**What you have to do:**
When a line below contains the string "unfolding", show that line.

══ Data for this task

lemma Tmat_mult_telescope:
  assumes cA: "\<And>k. k \<in> {1..n} \<Longrightarrow> A k \<in> carrier_mat m m"
    and cB: "\<And>k. k \<in> {1..n} \<Longrightarrow> B k \<in> carrier_mat m m"
    and cC: "\<And>k. k \<in> {1..n} \<Longrightarrow> C k \<in> carrier_mat m m"
    and iB: "\<And>k. k \<in> {1..n} \<Longrightarrow> invertible_mat (B k)"
    and S0: "S 0 \<in> carrier_mat (2 * m) (2 * m)"
    and step: "\<And>k. k \<in> {1..n} \<Longrightarrow> tmat m A B C E k * S (k - 1) = S k"
  shows "Tmat n m A B C E * S 0 = S n"
proof -
  have "Tprod m A B C E k * S 0 = S k" if "k \<le> n" for k
    using that
  proof (induction k)
    case (Suc k)
    then have k: "Suc k \<in> {1..n}" by simp
    have "tmat m A B C E (Suc k) \<in> carrier_mat (2 * m) (2 * m)"
      using cA[OF k] cB[OF k] cC[OF k] iB[OF k] by (rule tmat_carrier)
    moreover have "Tprod m A B C E k \<in> carrier_mat (2 * m) (2 * m)"
      using Tprod_carrier[of n A m B C k E] cA cB cC iB k by simp
    ultimately show ?case using Suc step[OF k] S0 by simp
  qed (use S0 in simp)
  then show ?thesis unfolding Tmat_def by simp
qed

lemma resolvent_transfer_identity:
  assumes cA: "\<And>k. k \<in> {1..n} \<Longrightarrow> A k \<in> carrier_mat m m"
    and cB: "\<And>k. k \<in> {1..n} \<Longrightarrow> B k \<in> carrier_mat m m"
    and cC: "\<And>k. k \<in> {1..n} \<Longrightarrow> C k \<in> carrier_mat m m"
    and iB: "\<And>k. k \<in> {1..n} \<Longrightarrow> invertible_mat (B k)"
    and iC: "invertible_mat (C 1)"
    and n: "n \<ge> 2"
    and G: "G \<in> carrier_mat (n * m) (n * m)"
    and HG: "(hmat n m A B C - E \<cdot>\<^sub>m 1\<^sub>m (n * m)) * G = 1\<^sub>m (n * m)"
  shows "four_block_mat (0\<^sub>m m m) (- minv (B n)) (blk m G n 1) (blk m G n n)
    = Tmat n m A B C E * four_block_mat (blk m G 1 1) (blk m G 1 n) (- minv (C 1)) (0\<^sub>m m m)"
proof -
  have n1: "1 \<in> {1..n}" "n \<in> {1..n}" using n by auto
  note Bn = invertible_minv[OF cB[OF n1(2)] iB[OF n1(2)]]
  note C1 = invertible_minv[OF cC[OF n1(1)] iC]
  define X where "X j k = (if k = 0 then (if j = 1 then - minv (C 1) else 0\<^sub>m m m)
    else if k = n + 1 then (if j = n then - minv (B n) else 0\<^sub>m m m) else blk m G k j)" for j k
  have cX: "X j k \<in> carrier_mat m m" for j k
    unfolding X_def using Bn C1 by auto
  have rec: "C k * X j (k - 1) + (A k - E \<cdot>\<^sub>m 1\<^sub>m m) * X j k + B k * X j (k + 1) = 0\<^sub>m m m"
    if k: "k \<in> {1..n}" and j: "j = 1 \<or> j = n" for j k
  proof (rule extended_resolvent_column[OF cA cB cC G HG n j _ cX cX _ _ k])
    show "X j l = blk m G l j" if "l \<in> {1..n}" for l
      using that unfolding X_def by auto
    show "C 1 * X j 0 = (if j = 1 then - 1\<^sub>m m else 0\<^sub>m m m)"
      using C1 cC[OF n1(1)] unfolding X_def by auto
    show "B n * X j (n + 1) = (if j = n then - 1\<^sub>m m else 0\<^sub>m m m)"
      using Bn cB[OF n1(2)] unfolding X_def by auto
  qed
  define S where "S k = four_block_mat (X 1 (k + 1)) (X n (k + 1)) (X 1 k) (X n k)" for k
  have "Tmat n m A B C E * S 0 = S n"
  proof (rule Tmat_mult_telescope[OF cA cB cC iB])
    show "S 0 \<in> carrier_mat (2 * m) (2 * m)"
      unfolding S_def mult_2 using cX by (intro four_block_carrier_mat)
    fix k assume k: "k \<in> {1..n}"
    then have k1: "k - 1 + 1 = k" by simp
    show "tmat m A B C E k * S (k - 1) = S k"
      unfolding S_def k1 using k
      by (intro tmat_mult_four_block cA cB cC iB cX rec[OF k]) auto
  qed
  moreover have "S 0 = four_block_mat (blk m G 1 1) (blk m G 1 n) (- minv (C 1)) (0\<^sub>m m m)"
    "S n = four_block_mat (0\<^sub>m m m) (- minv (B n)) (blk m G n 1) (blk m G n n)"
    unfolding S_def X_def using n by auto
  ultimately show ?thesis by simp
qed

lemma four_block_mat_inject:
  assumes c: "A \<in> carrier_mat nr1 nc1" "B \<in> carrier_mat nr1 nc2"
    "C \<in> carrier_mat nr2 nc1" "D \<in> carrier_mat nr2 nc2"
    "A' \<in> carrier_mat nr1 nc1" "B' \<in> carrier_mat nr1 nc2"
    "C' \<in> carrier_mat nr2 nc1" "D' \<in> carrier_mat nr2 nc2"
    and eq: "four_block_mat A B C D = four_block_mat A' B' C' D'"
  shows "A = A' \<and> B = B' \<and> C = C' \<and> D = D'"
proof (intro conjI)
  have e: "four_block_mat A B C D $$ (i, j) = four_block_mat A' B' C' D' $$ (i, j)" for i j
    using eq by simp
  show "A = A'"
  proof (rule eq_matI)
    fix i j assume "i < dim_row A'" "j < dim_col A'"
    then show "A $$ (i, j) = A' $$ (i, j)" using e[of i j] c by simp
  qed (use c in simp_all)
  show "B = B'"
  proof (rule eq_matI)
    fix i j assume "i < dim_row B'" "j < dim_col B'"
    then show "B $$ (i, j) = B' $$ (i, j)" using e[of i "j + nc1"] c by simp
  qed (use c in simp_all)
  show "C = C'"
  proof (rule eq_matI)
    fix i j assume "i < dim_row C'" "j < dim_col C'"
    then show "C $$ (i, j) = C' $$ (i, j)" using e[of "i + nr1" j] c by simp
  qed (use c in simp_all)
  show "D = D'"
  proof (rule eq_matI)
    fix i j assume "i < dim_row D'" "j < dim_col D'"
    then show "D $$ (i, j) = D' $$ (i, j)" using e[of "i + nr1" "j + nc1"] c by simp
  qed (use c in simp_all)
qed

════

**Exercise output:**
  then show ?thesis unfolding Tmat_def by simp
    unfolding X_def using Bn C1 by auto
      using that unfolding X_def by auto
      using C1 cC[OF n1(1)] unfolding X_def by auto
      using Bn cB[OF n1(2)] unfolding X_def by auto
      unfolding S_def mult_2 using cX by (intro four_block_carrier_mat)
      unfolding S_def k1 using k
    unfolding S_def X_def using n by auto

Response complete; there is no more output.